The Italian rates Armstrong and Ullrich as the main contenders but still could produce surprises of his own. Seventh last year, he says he wants to attack this year. But he also says he expects to be fighting Mayo and Hamilton for third place. At 26, has youth on his side. Says his ambition is to win the Tour in the next two or three years.
Armstrong's longtime right-hand man in the mountains, the powerful Spanish climber quit to lead his own team, Liberty Seguros, and could be a force to reckon with for his former leader. Armstrong did not name Heras in his list of main rivals.
"The race will be tight, will be very tough to win," he said from Liege, where the three-week race begins today.
Where are the pitfalls?
Pick your spot.
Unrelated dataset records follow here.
definition maximal_matching :: "'a set set \<Rightarrow> 'a set set \<Rightarrow> bool" where
  "maximal_matching E M \<longleftrightarrow> matching E M \<and> (\<forall>M'. matching E M' \<and> M \<subseteq> M' \<longrightarrow> M' = M)"

definition equimatchable :: "'a set \<Rightarrow> 'a set set \<Rightarrow> bool" where
  "equimatchable V E \<longleftrightarrow>
     (\<forall>M1 M2. maximal_matching E M1 \<and> maximal_matching E M2 \<longrightarrow> card M1 = card M2)"

definition edge_stable :: "'a set \<Rightarrow> 'a set set \<Rightarrow> bool" where
  "edge_stable V E \<longleftrightarrow> equimatchable V E \<and> (\<forall>e\<in>E. equimatchable V (E - {e}))"

definition induced_edges :: "'a set set \<Rightarrow> 'a set \<Rightarrow> 'a set set" where
  "induced_edges E S = {e \<in> E. e \<subseteq> S}"

inductive reachable :: "'a set \<Rightarrow> 'a set set \<Rightarrow> 'a \<Rightarrow> 'a \<Rightarrow> bool"
  for V E where
  refl: "u \<in> V \<Longrightarrow> reachable V E u u"
| step: "reachable V E u w \<Longrightarrow> {w, x} \<in> E \<Longrightarrow> x \<in> V \<Longrightarrow> reachable V E u x"

definition connected :: "'a set \<Rightarrow> 'a set set \<Rightarrow> bool" where
  "connected V E \<longleftrightarrow> V \<noteq> {} \<and> (\<forall>u\<in>V. \<forall>w\<in>V. reachable V E u w)"

definition del_vertex_V :: "'a set \<Rightarrow> 'a \<Rightarrow> 'a set" where
  "del_vertex_V V v = V - {v}"

definition del_vertex_E :: "'a set set \<Rightarrow> 'a \<Rightarrow> 'a set set" where
  "del_vertex_E E v = {e \<in> E. v \<notin> e}"

definition components :: "'a set \<Rightarrow> 'a set set \<Rightarrow> 'a set set" where
  "components V E = {{w. reachable V E u w} | u. u \<in> V}"

definition cut_vertex :: "'a set \<Rightarrow> 'a set set \<Rightarrow> 'a \<Rightarrow> bool" where
  "cut_vertex V E v \<longleftrightarrow> v \<in> V \<and>
     card (components (del_vertex_V V v) (del_vertex_E E v)) > card (components V E)"

definition perfect_matching :: "'a set \<Rightarrow> 'a set set \<Rightarrow> 'a set set \<Rightarrow> bool" where
  "perfect_matching V E M \<longleftrightarrow> matching E M \<and> \<Union>M = V"

definition factor_critical :: "'a set \<Rightarrow> 'a set set \<Rightarrow> bool" where
  "factor_critical V E \<longleftrightarrow>
     (\<forall>x\<in>V. \<exists>M. perfect_matching (del_vertex_V V x) (del_vertex_E E x) M)"

end

theory Submission
  imports Defs
begin

text \<open>Suppose the factor-critical component \<open>C\<close> of \<open>G - v\<close> has more than one vertex.
  Let \<open>c\<close> be a neighbour of \<open>v\<close> in \<open>C\<close>, \<open>d\<close> a neighbour of \<open>v\<close> in another component,
  \<open>M\<^sub>c\<close> a perfect matching of \<open>C - c\<close>, \<open>P\<close> a maximal matching of \<open>G - C\<close> containing \<open>vd\<close>,
  and \<open>N\<close> a maximal matching of \<open>G - C - v\<close>. Both \<open>vc + M\<^sub>c + N\<close> and \<open>M\<^sub>c + P\<close> are
  maximal in \<open>G\<close>, so \<open>|P| = |N| + 1\<close>. For an edge \<open>e = xy\<close> of \<open>M\<^sub>c\<close> and a perfect
  matching \<open>M\<^sub>x\<close> of \<open>C - x\<close>, both \<open>vc + (M\<^sub>c - e) + N\<close> and \<open>M\<^sub>x + P\<close> are maximal in
  \<open>G - e\<close>, so \<open>|P| = |N|\<close>: a contradiction.\<close>

subsection \<open>Graphs\<close>

lemma graph_finite_edges: "graph V E \<Longrightarrow> finite E"
proof -
  assume "graph V E"
  then have "E \<subseteq> Pow V" "finite (Pow V)"
    unfolding graph_def by auto
  then show ?thesis by (rule finite_subset)
qed

lemma graph_edgeE:
  assumes "graph V E" "f \<in> E"
  obtains a b where "a \<noteq> b" "f = {a, b}" "a \<in> V" "b \<in> V"
  using assms unfolding graph_def by blast

lemma graph_edge_vertices: "graph V E \<Longrightarrow> f \<in> E \<Longrightarrow> f \<subseteq> V"
  by (auto elim: graph_edgeE)

lemma graph_empty_notin_edges: "graph V E \<Longrightarrow> {} \<notin> E"
  by (blast elim: graph_edgeE)

lemma graph_edge_not_subset_singleton: "graph V E \<Longrightarrow> f \<in> E \<Longrightarrow> \<not> f \<subseteq> {x}"
  by (auto elim!: graph_edgeE)

lemma graph_edge_subset_edge:
  assumes "graph V E" "e \<in> E" "f \<in> E" "f \<subseteq> e"
  shows "f = e"
proof -
  obtain a b where ab: "a \<noteq> b" "f = {a, b}"
    using graph_edgeE[OF assms(1,3)] by blast
  obtain x y where xy: "e = {x, y}"
    using graph_edgeE[OF assms(1,2)] by blast
  with ab assms(4) have "a \<in> {x, y}" "b \<in> {x, y}"
    by auto
  with ab xy show ?thesis
    by auto
qed

subsection \<open>Matchings\<close>

lemma matching_subset: "matching E M \<Longrightarrow> M \<subseteq> E' \<Longrightarrow> matching E' M"
  unfolding matching_def by blast

lemma matching_Diff: "matching E M \<Longrightarrow> matching E (M - X)"
  unfolding matching_def by blast

lemma finite_matching:
  assumes "graph V E" "matching E M"
  shows "finite M"
  using finite_subset[OF _ graph_finite_edges[OF assms(1)]] assms(2) unfolding matching_def by blast

lemma matching_singleton: "e \<in> E \<Longrightarrow> matching E {e}"
  unfolding matching_def by blast

lemma matching_Un:
  assumes "matching E M1" "matching E M2" "\<Union>M1 \<inter> \<Union>M2 = {}"
  shows "matching E (M1 \<union> M2)"
  using assms unfolding matching_def by (simp add: disjoint_iff) blast

lemma matching_induced_edges: "matching (induced_edges E S) M \<Longrightarrow> matching E M \<and> \<Union>M \<subseteq> S"
  unfolding matching_def induced_edges_def by blast

lemma maximal_matching_induced_edges:
  "maximal_matching (induced_edges E S) M \<Longrightarrow> matching E M \<and> \<Union>M \<subseteq> S"
  unfolding maximal_matching_def by (rule matching_induced_edges) blast

lemma equimatchableD:
  "equimatchable V E \<Longrightarrow> maximal_matching E M1 \<Longrightarrow> maximal_matching E M2 \<Longrightarrow> card M1 = card M2"
  unfolding equimatchable_def by blast

lemma maximal_matching_iff_covers:
  assumes "{} \<notin> E"
  shows "maximal_matching E M \<longleftrightarrow> matching E M \<and> (\<forall>f\<in>E. f \<inter> \<Union>M \<noteq> {})"
proof
  assume max: "maximal_matching E M"
  have "f \<inter> \<Union>M \<noteq> {}" if "f \<in> E" for f
  proof
    assume "f \<inter> \<Union>M = {}"
    with max \<open>f \<in> E\<close> have "matching E (insert f M)"
      unfolding maximal_matching_def matching_def by blast
    with max have "insert f M = M"
      unfolding maximal_matching_def by blast
    with \<open>f \<inter> \<Union>M = {}\<close> have "f = {}"
      by blast
    with \<open>f \<in> E\<close> assms show False
      by simp
  qed
  with max show "matching E M \<and> (\<forall>f\<in>E. f \<inter> \<Union>M \<noteq> {})"
    unfolding maximal_matching_def by blast
next
  assume cov: "matching E M \<and> (\<forall>f\<in>E. f \<inter> \<Union>M \<noteq> {})"
  have "M' = M" if M': "matching E M'" "M \<subseteq> M'" for M'
  proof (rule ccontr)
    assume "M' \<noteq> M"
    with M' obtain f where f: "f \<in> M'" "f \<notin> M" by blast
    with M'(1) have "f \<in> E"
      unfolding matching_def by blast
    with cov obtain g where g: "g \<in> M" "f \<inter> g \<noteq> {}"
      by blast
    with M'(2) f have "g \<in> M'" "g \<noteq> f"
      by blast+
    with f g show False
      using M'(1) unfolding matching_def by blast
  qed
  with cov show "maximal_matching E M"
    unfolding maximal_matching_def by blast
qed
The 2,100-mile route has some Armstrong rivals licking their lips in anticipation.
The biggest changes are in time trials, races against the clock in which Armstrong usually excels.
New rules limit the amount of time squads can lose in the team time trial on Day 5. That could hurt Armstrong, because his winning U.S. Postal Service team last year used the demanding and technical event to open up hefty gaps over rivals.
Now, the slowest of the 21 teams will lose no more than three minutes to the winners. The maximum loss for other squads will be calculated on a sliding scale ranging from 20 seconds for the runner-up to 2 minutes, 55 seconds for the next-to-last team.
If that sounds complicated, the vital point is that Armstrong's U.S. Postal Service squad won't be able to do the damage it exacted last year. Then, the last team trailed them by nearly five minutes, and even the runner-up ONCE squad was 30 seconds off the pace, giving Armstrong a cushion for the rest of the Tour. Under the new rules, ONCE's loss would have been cut to 20 seconds.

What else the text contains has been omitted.